About this exercise
Among the entries below, please repeat exactly and only the lines from the line containing "imports Defs" to the line containing "vanishing at \<open>t", both lines included.

Dataset entries
────────────────────

(* Let $\mathbf a\in L^\infty((0,T)\times\mathbb R^N;\mathbb R^N)$. Let $p=(p_1,\dots,p_N)$ and $q=(q_1,\dots,q_N)$ with $p_i,q_i\in\mathrm{Lip}_{loc}([0,T]\times\mathbb R^N)$ satisfying $\partial_tp_i+\mathbf a\cdot\nabla p_i=0$ and $\partial_tq_i+\mathbf a\cdot\nabla q_i=0$ a.e. in $(0,T)\times\mathbb R^N$, and $p_i(T,\cdot)=q_i(T,\cdot)$ for all $i$. Assume $J(p),J(q)\in\mathcal V^T$ (this holds in particular if $J(p)\ge0$ and $J(q)\ge0$). Then $J(p)=J(q)$ almost everywhere in $(0,T)\times\mathbb R^N$.
   Context: $J(p)=\det(\nabla p_1,\dots,\nabla p_N)$ with spatial gradients. $\mathcal W^T$ denotes the set of $\pi\in C([0,T],L^\infty_{loc}(\mathbb R^N)\text{ weak-*})$ which satisfy $\partial_t\pi+\operatorname{div}(\mathbf a\pi)=0$ in the sense of distributions on $(0,T)\times\mathbb R^N$. $\mathcal E^T$ is the set of real-valued $p\in\mathrm{Lip}_{loc}([0,T]\times\mathbb R^N)$ with $\partial_tp+\mathbf a\cdot\nabla p=0$ a.e. in $(0,T)\times\mathbb R^N$ and $p(T,\cdot)=0$; $V^T_e=\bigcup_{p\in\mathcal E^T}\{(t,x)\in(0,T)\times\mathbb R^N: p(t,x)\neq0\}$; $\mathcal V^T=\{\pi\in\mathcal W^T:\pi=0\text{ a.e. in }V^T_e\}$. *)

theory Defs
  imports "HOL-Analysis.Analysis"
begin

text \<open>Space-time points are pairs (t,x) in real \<times> real^'n; N = CARD('n).
  Functions on space-time are written curried, f t x.\<close>

abbreviation ucur :: "(real \<Rightarrow> 'b \<Rightarrow> 'c) \<Rightarrow> real \<times> 'b \<Rightarrow> 'c" where
  "ucur f \<equiv> (\<lambda>z. f (fst z) (snd z))"

abbreviation ST :: "real \<Rightarrow> (real \<times> (real^'n)) set" where
  "ST T \<equiv> {0<..<T} \<times> UNIV"

definition dT :: "(real \<Rightarrow> real^'n \<Rightarrow> real) \<Rightarrow> real \<Rightarrow> real^'n \<Rightarrow> real" where
  "dT p t x = frechet_derivative (ucur p) (at (t, x)) (1, 0)"

definition grad :: "(real \<Rightarrow> real^'n \<Rightarrow> real) \<Rightarrow> real \<Rightarrow> real^'n \<Rightarrow> real^'n" where
  "grad p t x = (\<chi> j. frechet_derivative (ucur p) (at (t, x)) (0, axis j 1))"

definition Jac :: "('n::finite \<Rightarrow> real \<Rightarrow> real^'n \<Rightarrow> real) \<Rightarrow> real \<Rightarrow> real^'n \<Rightarrow> real" where
  "Jac p t x = det (\<chi> i. grad (p i) t x)"

definition Linf_field :: "real \<Rightarrow> (real \<Rightarrow> real^'n \<Rightarrow> real^'n) \<Rightarrow> bool" where
  "Linf_field T a \<longleftrightarrow> set_borel_measurable lebesgue (ST T) (ucur a) \<and>
     (\<exists>M. AE z in lebesgue. z \<in> ST T \<longrightarrow> norm (ucur a z) \<le> M)"

definition Lip_loc :: "real \<Rightarrow> (real \<Rightarrow> real^'n \<Rightarrow> real) \<Rightarrow> bool" where
  "Lip_loc T p \<longleftrightarrow> (\<forall>K. compact K \<and> K \<subseteq> {0..T} \<times> UNIV \<longrightarrow> (\<exists>C. C-lipschitz_on K (ucur p)))"

definition transport_ae :: "real \<Rightarrow> (real \<Rightarrow> real^'n \<Rightarrow> real^'n) \<Rightarrow> (real \<Rightarrow> real^'n \<Rightarrow> real) \<Rightarrow> bool" where
  "transport_ae T a p \<longleftrightarrow> (AE z in lebesgue. z \<in> ST T \<longrightarrow>
      ucur p differentiable (at z) \<and> dT p (fst z) (snd z) + a (fst z) (snd z) \<bullet> grad p (fst z) (snd z) = 0)"

definition smooth_fun :: "('a::real_normed_vector \<Rightarrow> real) \<Rightarrow> bool" where
  "smooth_fun f \<longleftrightarrow> (\<exists>F. f \<in> F \<and> (\<forall>g\<in>F. (\<forall>z. g differentiable (at z)) \<and>
      (\<forall>v. (\<lambda>z. frechet_derivative g (at z) v) \<in> F)))"

definition test_fun :: "real \<Rightarrow> (real \<Rightarrow> real^'n \<Rightarrow> real) \<Rightarrow> bool" where
  "test_fun T \<phi> \<longleftrightarrow> smooth_fun (ucur \<phi>) \<and> compact (closure {z. ucur \<phi> z \<noteq> 0}) \<and>
     closure {z. ucur \<phi> z \<noteq> 0} \<subseteq> ST T"

definition Linf_loc :: "(real^'n \<Rightarrow> real) \<Rightarrow> bool" where
  "Linf_loc f \<longleftrightarrow> f \<in> borel_measurable lebesgue \<and>
     (\<forall>K. compact K \<longrightarrow> (\<exists>M. AE x in lebesgue. x \<in> K \<longrightarrow> \<bar>f x\<bar> \<le> M))"

text \<open>W^T: pi in C([0,T], L^\<infinity>_loc weak-* ) (weak-* continuity tested against L^1 functions
  of bounded support), (jointly measurable on (0,T) \<times> R^N), solving
  \<partial>_t pi + div(a pi) = 0 in the sense of distributions.\<close>
definition W_set :: "real \<Rightarrow> (real \<Rightarrow> real^'n \<Rightarrow> real^'n) \<Rightarrow> (real \<Rightarrow> real^'n \<Rightarrow> real) set" where
  "W_set T a = {\<pi>.
     (\<forall>t\<in>{0..T}. Linf_loc (\<pi> t)) \<and>
     (\<forall>\<psi>::real^'n \<Rightarrow> real. integrable lebesgue \<psi> \<and> bounded {x. \<psi> x \<noteq> 0} \<longrightarrow>
        continuous_on {0..T} (\<lambda>t. LINT x|lebesgue. \<pi> t x * \<psi> x)) \<and>
     set_borel_measurable lebesgue (ST T) (ucur \<pi>) \<and>
     (\<forall>\<phi>. test_fun T \<phi> \<longrightarrow>
        (LINT z|lebesgue. ucur \<pi> z * (dT \<phi> (fst z) (snd z) + a (fst z) (snd z) \<bullet> grad \<phi> (fst z) (snd z))) = 0)}"

definition E_set :: "real \<Rightarrow> (real \<Rightarrow> real^'n \<Rightarrow> real^'n) \<Rightarrow> (real \<Rightarrow> real^'n \<Rightarrow> real) set" where
  "E_set T a = {p. Lip_loc T p \<and> transport_ae T a p \<and> (\<forall>x. p T x = 0)}"

definition Ve :: "real \<Rightarrow> (real \<Rightarrow> real^'n \<Rightarrow> real^'n) \<Rightarrow> (real \<times> (real^'n)) set" where
  "Ve T a = (\<Union>p\<in>E_set T a. {z \<in> ST T. ucur p z \<noteq> 0})"

definition V_set :: "real \<Rightarrow> (real \<Rightarrow> real^'n \<Rightarrow> real^'n) \<Rightarrow> (real \<Rightarrow> real^'n \<Rightarrow> real) set" where
  "V_set T a = {\<pi> \<in> W_set T a. AE z in lebesgue. z \<in> Ve T a \<longrightarrow> ucur \<pi> z = 0}"

text \<open>A function defined a.e. on (0,T) \<times> R^N belongs to V^T if some element of V^T
  agrees with it a.e.\<close>
definition in_V :: "real \<Rightarrow> (real \<Rightarrow> real^'n \<Rightarrow> real^'n) \<Rightarrow> (real \<Rightarrow> real^'n \<Rightarrow> real) \<Rightarrow> bool" where
  "in_V T a f \<longleftrightarrow> (\<exists>\<pi>\<in>V_set T a. AE z in lebesgue. z \<in> ST T \<longrightarrow> ucur \<pi> z = ucur f z)"

end

theory Submission
  imports Defs
begin

text \<open>Each difference \<open>p\<^sub>i - q\<^sub>i\<close> is a locally Lipschitz solution of the transport equation
  vanishing at \<open>t = T\<close>, i.e. an element of \<open>E\<^sup>T\<close>; hence \<open>p\<^sub>i = q\<^sub>i\<close> off \<open>V\<^sub>e\<^sup>T\<close>.
  A real function has zero derivative at almost every point of its zero set where it is
  differentiable: where the derivative is nonzero the zero set is tangent to a hyperplane, and
  such points have density zero. So \<open>\<nabla>p\<^sub>i = \<nabla>q\<^sub>i\<close>, and therefore \<open>J(p) = J(q)\<close>, a.e. off \<open>V\<^sub>e\<^sup>T\<close>;
  on \<open>V\<^sub>e\<^sup>T\<close> both Jacobians vanish a.e. since they lie in \<open>V\<^sup>T\<close>.\<close>

definition flat_at :: "'a::real_inner set \<Rightarrow> 'a \<Rightarrow> 'a \<Rightarrow> bool" where
  "flat_at S x v \<longleftrightarrow>
     (\<forall>\<xi>>0. \<exists>e>0. \<forall>y\<in>S. y \<noteq> x \<and> norm (y - x) < e \<longrightarrow> \<bar>v \<bullet> (y - x)\<bar> < \<xi> * norm (y - x))"

lemma measure_unit_ball_slab_small:
  fixes v :: "'a::euclidean_space"
  assumes "v \<noteq> 0" and "e > 0"
  obtains \<xi> where "\<xi> > 0" and "measure lebesgue (ball 0 1 \<inter> {y. \<bar>v \<bullet> y\<bar> < \<xi>}) < e"
proof -
  define A where "A k = ball (0::'a) 1 \<inter> {y. \<bar>v \<bullet> y\<bar> < 1 / Suc k}" for k :: nat
  have A_lmeasurable: "A k \<in> lmeasurable" for k
    unfolding A_def
    by (intro fmeasurable_Int_fmeasurable borel_open open_Collect_less continuous_intros) auto
  have "decseq A"
    unfolding A_def by (intro decseq_SucI) (auto simp: frac_le elim: less_le_trans)
  moreover have "range A \<subseteq> sets lebesgue"
    using A_lmeasurable by blast
  moreover have "emeasure lebesgue (A k) \<noteq> \<infinity>" for k
    by (metis A_lmeasurable fmeasurableD2 infinity_ennreal_def)
  ultimately have "(\<lambda>k. measure lebesgue (A k)) \<longlonglongrightarrow> measure lebesgue (\<Inter>k. A k)"
    by (intro Lim_measure_decseq)
  moreover have "(\<Inter>k. A k) \<subseteq> {y. v \<bullet> y = 0}"
  proof
    fix y assume y: "y \<in> (\<Inter>k. A k)"
    show "y \<in> {y. v \<bullet> y = 0}"
    proof (rule ccontr)
      assume "y \<notin> {y. v \<bullet> y = 0}"
      then obtain k :: nat where "1 / Suc k < \<bar>v \<bullet> y\<bar>"
        using nat_approx_posE[of "\<bar>v \<bullet> y\<bar>"] by auto
      moreover have "y \<in> A k"
        using y by blast
      ultimately show False
        unfolding A_def by auto
    qed
  qed
  then have "measure lebesgue (\<Inter>k. A k) = 0"
    using negligible_hyperplane[of v 0] \<open>v \<noteq> 0\<close>
    by (meson negligible_imp_measure0 negligible_subset)
  ultimately obtain k where "measure lebesgue (A k) < e"
    using \<open>e > 0\<close> by (metis (lifting) eventually_sequentially order.refl order_tendstoD(2))
  then show thesis
    by (intro that[of "1 / Suc k"]) (auto simp: A_def)
qed

lemma measure_ball_slab:
  fixes x v :: "'a::euclidean_space"
  assumes "d > 0"
  shows "measure lebesgue (ball x d \<inter> {y. \<bar>v \<bullet> (y - x)\<bar> < \<xi> * d}) =
         d ^ DIM('a) * measure lebesgue (ball 0 1 \<inter> {y. \<bar>v \<bullet> y\<bar> < \<xi>})"
proof -
  have "ball x d \<inter> {y. \<bar>v \<bullet> (y - x)\<bar> < \<xi> * d} =
        (\<lambda>y. d *\<^sub>R y + x) ` (ball 0 1 \<inter> {y. \<bar>v \<bullet> y\<bar> < \<xi>})"
  proof (intro equalityI subsetI)
    fix y assume "y \<in> ball x d \<inter> {y. \<bar>v \<bullet> (y - x)\<bar> < \<xi> * d}"
    with assms have "(1/d) *\<^sub>R (y - x) \<in> ball 0 1 \<inter> {y. \<bar>v \<bullet> y\<bar> < \<xi>}"
      by (auto simp: dist_norm norm_minus_commute abs_mult divide_less_eq)
    moreover have "y = d *\<^sub>R ((1/d) *\<^sub>R (y - x)) + x"
      using assms by simp
    ultimately show "y \<in> (\<lambda>y. d *\<^sub>R y + x) ` (ball 0 1 \<inter> {y. \<bar>v \<bullet> y\<bar> < \<xi>})"
      by blast
  qed (use assms in \<open>auto simp: dist_norm abs_mult mult.commute\<close>)
  then show ?thesis
    using measure_lebesgue_affine[of d x] assms by simp
qed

────────────────────

Solution to this task
  imports Defs
begin

text \<open>Each difference \<open>p\<^sub>i - q\<^sub>i\<close> is a locally Lipschitz solution of the transport equation
  vanishing at \<open>t = T\<close>, i.e. an element of \<open>E\<^sup>T\<close>; hence \<open>p\<^sub>i = q\<^sub>i\<close> off \<open>V\<^sub>e\<^sup>T\<close>.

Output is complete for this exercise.